Error Handling Is Everything
In a traditional program, an unhandled error crashes the process. In an agent, an unhandled error can cause the agent to spin in a loop, hallucinate recovery steps, or silently produce wrong results. Every tool call needs to be wrapped in error handling that feeds useful information back to the agent.
def execute_tool(tool_name, args):
try:
result = tools[tool_name](**args)
return {"status": "success", "data": result}
except ValidationError as e:
return {"status": "error", "message": f"Invalid input: {e}"}
except TimeoutError:
return {"status": "error", "message": "Tool timed out. Try simpler query."}
except Exception as e:
return {"status": "error", "message": f"Unexpected error: {e}"}
When an agent receives a clear error message, it can often self-correct - retry with different parameters, try an alternative approach, or ask for clarification. When it receives a stack trace or nothing at all, it flails.
Limit the Loop
Always set a maximum number of iterations. An agent that can loop infinitely will loop infinitely, running up your API bill while accomplishing nothing. I typically set a limit of 10-15 steps for most tasks. If the agent cannot complete the task in that many steps, something is wrong - either the task is too complex and needs to be broken down, or the tools are insufficient.
I also implement cost tracking per agent run. If a single task exceeds a cost threshold, the agent stops and escalates to a human. This has saved me from several runaway loops during development.
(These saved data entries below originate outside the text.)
lemma sum_cycle_reroute:
  fixes g :: "'a \<times> 'a \<Rightarrow> real"
  assumes "finite Q" and "0 < n" and pQ: "\<forall>i<n. p i \<in> Q"
    and reroute: "\<And>x y x' y'. (x, y) \<in> Q \<Longrightarrow> (x', y') \<in> Q \<Longrightarrow> x \<noteq> y' \<Longrightarrow> (x, y') \<in> Q"
    and diag: "\<And>x. g (x, x) = 0"
  shows "(\<Sum>q\<in>Q. cycle_reroute n p q * g q) = (\<Sum>i<n. g (fst (p i), snd (p (Suc i mod n))) - g (p i))"
proof -
  have "(\<Sum>q\<in>Q. cycle_reroute n p q * g q)
      = (\<Sum>i<n. (\<Sum>q\<in>Q. if q = (fst (p i), snd (p (Suc i mod n))) then g q else 0)
               - (\<Sum>q\<in>Q. if q = p i then g q else 0))"
    unfolding cycle_reroute_def sum_distrib_right sum_subtractf[symmetric]
    by (subst sum.swap) (auto simp: left_diff_distrib intro!: sum.cong)
  also have "\<dots> = (\<Sum>i<n. g (fst (p i), snd (p (Suc i mod n))) - g (p i))"
  proof (intro sum.cong refl)
    fix i assume "i \<in> {..<n}"
    then have "p i \<in> Q" and "p (Suc i mod n) \<in> Q"
      using pQ \<open>0 < n\<close> by auto
    then have "(fst (p i), snd (p (Suc i mod n))) \<in> Q \<or> fst (p i) = snd (p (Suc i mod n))"
      using reroute by (metis prod.collapse)
    then show "(\<Sum>q\<in>Q. if q = (fst (p i), snd (p (Suc i mod n))) then g q else 0)
        - (\<Sum>q\<in>Q. if q = p i then g q else 0) = g (fst (p i), snd (p (Suc i mod n))) - g (p i)"
      using \<open>p i \<in> Q\<close> diag by (auto simp: sum.delta[OF \<open>finite Q\<close>])
  qed
  finally show ?thesis .
qed

lemma cycle_reroute_lower_bounds:
  shows "- real n \<le> cycle_reroute n p q"
    and "q \<notin> p ` {..<n} \<Longrightarrow> 0 \<le> cycle_reroute n p q"
proof -
  have "real (card {..<n}) * (- 1) \<le> cycle_reroute n p q"
    unfolding cycle_reroute_def by (rule sum_bounded_below) auto
  then show "- real n \<le> cycle_reroute n p q" by simp
  show "0 \<le> cycle_reroute n p q" if "q \<notin> p ` {..<n}"
    unfolding cycle_reroute_def using that by (intro sum_nonneg) auto
qed

lemma plan_reroute_cycle:
  fixes Q :: "('a::metric_space \<times> 'a) set"
  assumes "finite Q"
    and reroute: "\<And>x y x' y'. (x, y) \<in> Q \<Longrightarrow> (x', y') \<in> Q \<Longrightarrow> x \<noteq> y' \<Longrightarrow> (x, y') \<in> Q"
    and nonneg: "\<forall>q\<in>Q. 0 \<le> c q" and "0 < n" and p: "\<forall>i<n. p i \<in> Q \<and> 0 < c (p i)"
  obtains c' t where "0 < t" and "\<forall>q\<in>Q. 0 \<le> c' q" and "plan_eval Q c' = plan_eval Q c"
    and "plan_cost Q c' = plan_cost Q c + t * ((\<Sum>i<n. dist (fst (p i)) (snd (p (Suc i mod n))))
                                              - (\<Sum>i<n. dist (fst (p i)) (snd (p i))))"
proof -
  define m where "m = Min (c ` p ` {..<n})"
  define c' where "c' = (\<lambda>q. c q + m / n * cycle_reroute n p q)"
  have sum: "(\<Sum>q\<in>Q. cycle_reroute n p q * g q) = (\<Sum>i<n. g (fst (p i), snd (p (Suc i mod n))) - g (p i))"
    if "\<And>x. g (x, x) = 0" for g
    using p that by (intro sum_cycle_reroute[OF \<open>finite Q\<close> \<open>0 < n\<close> _ reroute]) auto
  have "0 < m"
    unfolding m_def using p \<open>0 < n\<close> by (subst Min_gr_iff) auto
  then have "0 < m / n" using \<open>0 < n\<close> by simp
  moreover have "0 \<le> c' q" if "q \<in> Q" for q
  proof (cases "q \<in> p ` {..<n}")
    case True
    then have "m \<le> c q"
      unfolding m_def by (intro Min_le) auto
    moreover have "m * (- real n) \<le> m * cycle_reroute n p q"
      using \<open>0 < m\<close> cycle_reroute_lower_bounds(1)[of n p q] by (intro mult_left_mono) auto
    then have "- m \<le> m / n * cycle_reroute n p q"
      using \<open>0 < n\<close> by (simp add: field_simps)
    ultimately show ?thesis by (simp add: c'_def)
  next
    case False
    then show ?thesis
      using cycle_reroute_lower_bounds(2)[of q p n] nonneg that \<open>0 < m\<close> by (simp add: c'_def)
  qed
  moreover have "plan_eval Q c' = plan_eval Q c"
  proof
    fix f :: "'a \<Rightarrow> real"
    have "plan_eval Q (cycle_reroute n p) f = (\<Sum>i<n. f (snd (p i)) - f (snd (p (Suc i mod n))))"
      using sum[of "\<lambda>q. f (fst q) - f (snd q)"] by (simp add: plan_eval_def mult.commute)
    also have "\<dots> = 0"
      using sum_lessThan_rotate[of "\<lambda>i. f (snd (p i))" n] by (simp add: sum_subtractf)
    finally show "plan_eval Q c' f = plan_eval Q c f"
      unfolding c'_def plan_eval_add_scaled by simp
  qed
  moreover have "plan_cost Q c' = plan_cost Q c + m / n * ((\<Sum>i<n. dist (fst (p i)) (snd (p (Suc i mod n))))
                                                        - (\<Sum>i<n. dist (fst (p i)) (snd (p i))))"
    using sum[of "\<lambda>q. dist (fst q) (snd q)"] unfolding c'_def plan_cost_add_scaled
    by (simp add: plan_cost_def sum_subtractf mult.commute)
  ultimately show ?thesis using that by blast
qed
Evaluation Is the Hard Part
Building an agent that works on your three test cases is easy. Building one that works reliably across hundreds of real-world inputs is hard. You need evaluation.
My evaluation approach:
- Collect real examples of the task the agent needs to perform.
- Define what "correct" looks like for each example - ideally an automated check, but human review works for small sets.
- Run the agent against the full set and measure success rate.
- Analyze failures to identify patterns - is it a tool issue, a prompt issue, or a model capability issue?
- Fix the root cause and re-run.
I target a 90%+ success rate before putting an agent in production with human oversight, and 98%+ before running it fully autonomously. Getting from 80% to 95% takes as much effort as getting from 0% to 80%.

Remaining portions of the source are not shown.